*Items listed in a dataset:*
--

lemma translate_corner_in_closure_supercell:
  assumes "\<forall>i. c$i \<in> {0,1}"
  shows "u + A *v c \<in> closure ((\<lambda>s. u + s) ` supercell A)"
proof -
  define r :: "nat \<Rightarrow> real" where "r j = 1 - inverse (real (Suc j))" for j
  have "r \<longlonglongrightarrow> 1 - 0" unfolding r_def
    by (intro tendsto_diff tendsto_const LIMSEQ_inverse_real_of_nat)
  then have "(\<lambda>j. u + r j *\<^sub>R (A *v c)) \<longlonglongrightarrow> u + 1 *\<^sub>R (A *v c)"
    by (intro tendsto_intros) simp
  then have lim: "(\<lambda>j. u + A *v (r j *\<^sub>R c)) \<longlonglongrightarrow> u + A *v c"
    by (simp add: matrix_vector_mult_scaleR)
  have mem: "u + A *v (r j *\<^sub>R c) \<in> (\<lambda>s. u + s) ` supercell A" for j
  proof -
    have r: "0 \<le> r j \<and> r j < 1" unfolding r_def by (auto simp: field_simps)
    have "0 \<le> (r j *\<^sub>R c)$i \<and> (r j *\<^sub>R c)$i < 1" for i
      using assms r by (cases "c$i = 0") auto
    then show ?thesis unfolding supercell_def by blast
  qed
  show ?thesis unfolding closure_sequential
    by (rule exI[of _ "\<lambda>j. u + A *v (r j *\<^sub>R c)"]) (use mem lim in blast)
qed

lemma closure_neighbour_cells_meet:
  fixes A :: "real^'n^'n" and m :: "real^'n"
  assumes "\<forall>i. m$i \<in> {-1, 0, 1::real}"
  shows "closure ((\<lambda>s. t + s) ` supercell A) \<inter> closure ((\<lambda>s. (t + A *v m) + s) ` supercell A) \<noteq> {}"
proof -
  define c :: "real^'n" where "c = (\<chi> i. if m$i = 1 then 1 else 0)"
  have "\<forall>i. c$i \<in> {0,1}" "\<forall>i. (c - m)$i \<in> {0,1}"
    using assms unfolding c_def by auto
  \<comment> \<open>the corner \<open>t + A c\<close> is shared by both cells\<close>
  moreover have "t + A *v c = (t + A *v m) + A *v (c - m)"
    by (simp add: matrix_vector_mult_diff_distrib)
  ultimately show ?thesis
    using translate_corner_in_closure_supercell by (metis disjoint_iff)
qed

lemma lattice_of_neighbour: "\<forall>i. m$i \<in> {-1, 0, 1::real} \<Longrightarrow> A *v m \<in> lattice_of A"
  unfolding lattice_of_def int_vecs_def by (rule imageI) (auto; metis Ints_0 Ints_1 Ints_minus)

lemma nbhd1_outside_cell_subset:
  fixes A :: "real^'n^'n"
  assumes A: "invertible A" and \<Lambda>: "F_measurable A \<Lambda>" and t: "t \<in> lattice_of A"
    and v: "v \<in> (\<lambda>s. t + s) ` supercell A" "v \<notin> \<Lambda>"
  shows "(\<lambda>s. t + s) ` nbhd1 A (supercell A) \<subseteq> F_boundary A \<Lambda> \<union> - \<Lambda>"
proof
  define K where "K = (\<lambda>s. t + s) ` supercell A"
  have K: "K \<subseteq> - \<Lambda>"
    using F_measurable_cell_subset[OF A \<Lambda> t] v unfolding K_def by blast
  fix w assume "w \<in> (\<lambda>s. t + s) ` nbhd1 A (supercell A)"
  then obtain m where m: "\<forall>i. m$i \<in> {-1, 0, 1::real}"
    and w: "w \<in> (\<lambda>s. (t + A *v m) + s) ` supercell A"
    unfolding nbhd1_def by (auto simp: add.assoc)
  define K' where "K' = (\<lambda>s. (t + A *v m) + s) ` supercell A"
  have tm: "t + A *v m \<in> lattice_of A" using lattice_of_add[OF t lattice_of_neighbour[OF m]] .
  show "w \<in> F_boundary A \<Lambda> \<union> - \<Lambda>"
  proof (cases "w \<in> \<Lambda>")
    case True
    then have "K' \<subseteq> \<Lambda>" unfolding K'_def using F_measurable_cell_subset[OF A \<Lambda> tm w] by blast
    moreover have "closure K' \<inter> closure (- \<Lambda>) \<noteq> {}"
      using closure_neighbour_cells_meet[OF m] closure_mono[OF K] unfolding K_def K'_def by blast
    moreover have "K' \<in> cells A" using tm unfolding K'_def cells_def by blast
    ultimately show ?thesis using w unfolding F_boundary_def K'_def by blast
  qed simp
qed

--

*EXERCISE DIRECTIONS:* Write the entries again, exactly as they stand.

*RESULT OF THIS EXERCISE:*
lemma translate_corner_in_closure_supercell:
  assumes "\<forall>i. c$i \<in> {0,1}"
  shows "u + A *v c \<in> closure ((\<lambda>s. u + s) ` supercell A)"
proof -
  define r :: "nat \<Rightarrow> real" where "r j = 1 - inverse (real (Suc j))" for j
  have "r \<longlonglongrightarrow> 1 - 0" unfolding r_def
    by (intro tendsto_diff tendsto_const LIMSEQ_inverse_real_of_nat)
  then have "(\<lambda>j. u + r j *\<^sub>R (A *v c)) \<longlonglongrightarrow> u + 1 *\<^sub>R (A *v c)"
    by (intro tendsto_intros) simp
  then have lim: "(\<lambda>j. u + A *v (r j *\<^sub>R c)) \<longlonglongrightarrow> u + A *v c"
    by (simp add: matrix_vector_mult_scaleR)
  have mem: "u + A *v (r j *\<^sub>R c) \<in> (\<lambda>s. u + s) ` supercell A" for j
  proof -
    have r: "0 \<le> r j \<and> r j < 1" unfolding r_def by (auto simp: field_simps)
    have "0 \<le> (r j *\<^sub>R c)$i \<and> (r j *\<^sub>R c)$i < 1" for i
      using assms r by (cases "c$i = 0") auto
    then show ?thesis unfolding supercell_def by blast
  qed
  show ?thesis unfolding closure_sequential
    by (rule exI[of _ "\<lambda>j. u + A *v (r j *\<^sub>R c)"]) (use mem lim in blast)
qed

lemma closure_neighbour_cells_meet:
  fixes A :: "real^'n^'n" and m :: "real^'n"
  assumes "\<forall>i. m$i \<in> {-1, 0, 1::real}"
  shows "closure ((\<lambda>s. t + s) ` supercell A) \<inter> closure ((\<lambda>s. (t + A *v m) + s) ` supercell A) \<noteq> {}"
proof -
  define c :: "real^'n" where "c = (\<chi> i. if m$i = 1 then 1 else 0)"
  have "\<forall>i. c$i \<in> {0,1}" "\<forall>i. (c - m)$i \<in> {0,1}"
    using assms unfolding c_def by auto
  \<comment> \<open>the corner \<open>t + A c\<close> is shared by both cells\<close>
  moreover have "t + A *v c = (t + A *v m) + A *v (c - m)"
    by (simp add: matrix_vector_mult_diff_distrib)
  ultimately show ?thesis
    using translate_corner_in_closure_supercell by (metis disjoint_iff)
qed

lemma lattice_of_neighbour: "\<forall>i. m$i \<in> {-1, 0, 1::real} \<Longrightarrow> A *v m \<in> lattice_of A"
  unfolding lattice_of_def int_vecs_def by (rule imageI) (auto; metis Ints_0 Ints_1 Ints_minus)

lemma nbhd1_outside_cell_subset:
  fixes A :: "real^'n^'n"
  assumes A: "invertible A" and \<Lambda>: "F_measurable A \<Lambda>" and t: "t \<in> lattice_of A"
    and v: "v \<in> (\<lambda>s. t + s) ` supercell A" "v \<notin> \<Lambda>"
  shows "(\<lambda>s. t + s) ` nbhd1 A (supercell A) \<subseteq> F_boundary A \<Lambda> \<union> - \<Lambda>"
proof
  define K where "K = (\<lambda>s. t + s) ` supercell A"
  have K: "K \<subseteq> - \<Lambda>"
    using F_measurable_cell_subset[OF A \<Lambda> t] v unfolding K_def by blast
  fix w assume "w \<in> (\<lambda>s. t + s) ` nbhd1 A (supercell A)"
  then obtain m where m: "\<forall>i. m$i \<in> {-1, 0, 1::real}"
    and w: "w \<in> (\<lambda>s. (t + A *v m) + s) ` supercell A"
    unfolding nbhd1_def by (auto simp: add.assoc)
  define K' where "K' = (\<lambda>s. (t + A *v m) + s) ` supercell A"
  have tm: "t + A *v m \<in> lattice_of A" using lattice_of_add[OF t lattice_of_neighbour[OF m]] .
  show "w \<in> F_boundary A \<Lambda> \<union> - \<Lambda>"
  proof (cases "w \<in> \<Lambda>")
    case True
    then have "K' \<subseteq> \<Lambda>" unfolding K'_def using F_measurable_cell_subset[OF A \<Lambda> tm w] by blast
    moreover have "closure K' \<inter> closure (- \<Lambda>) \<noteq> {}"
      using closure_neighbour_cells_meet[OF m] closure_mono[OF K] unfolding K_def K'_def by blast
    moreover have "K' \<in> cells A" using tm unfolding K'_def cells_def by blast
    ultimately show ?thesis using w unfolding F_boundary_def K'_def by blast
  qed simp
qed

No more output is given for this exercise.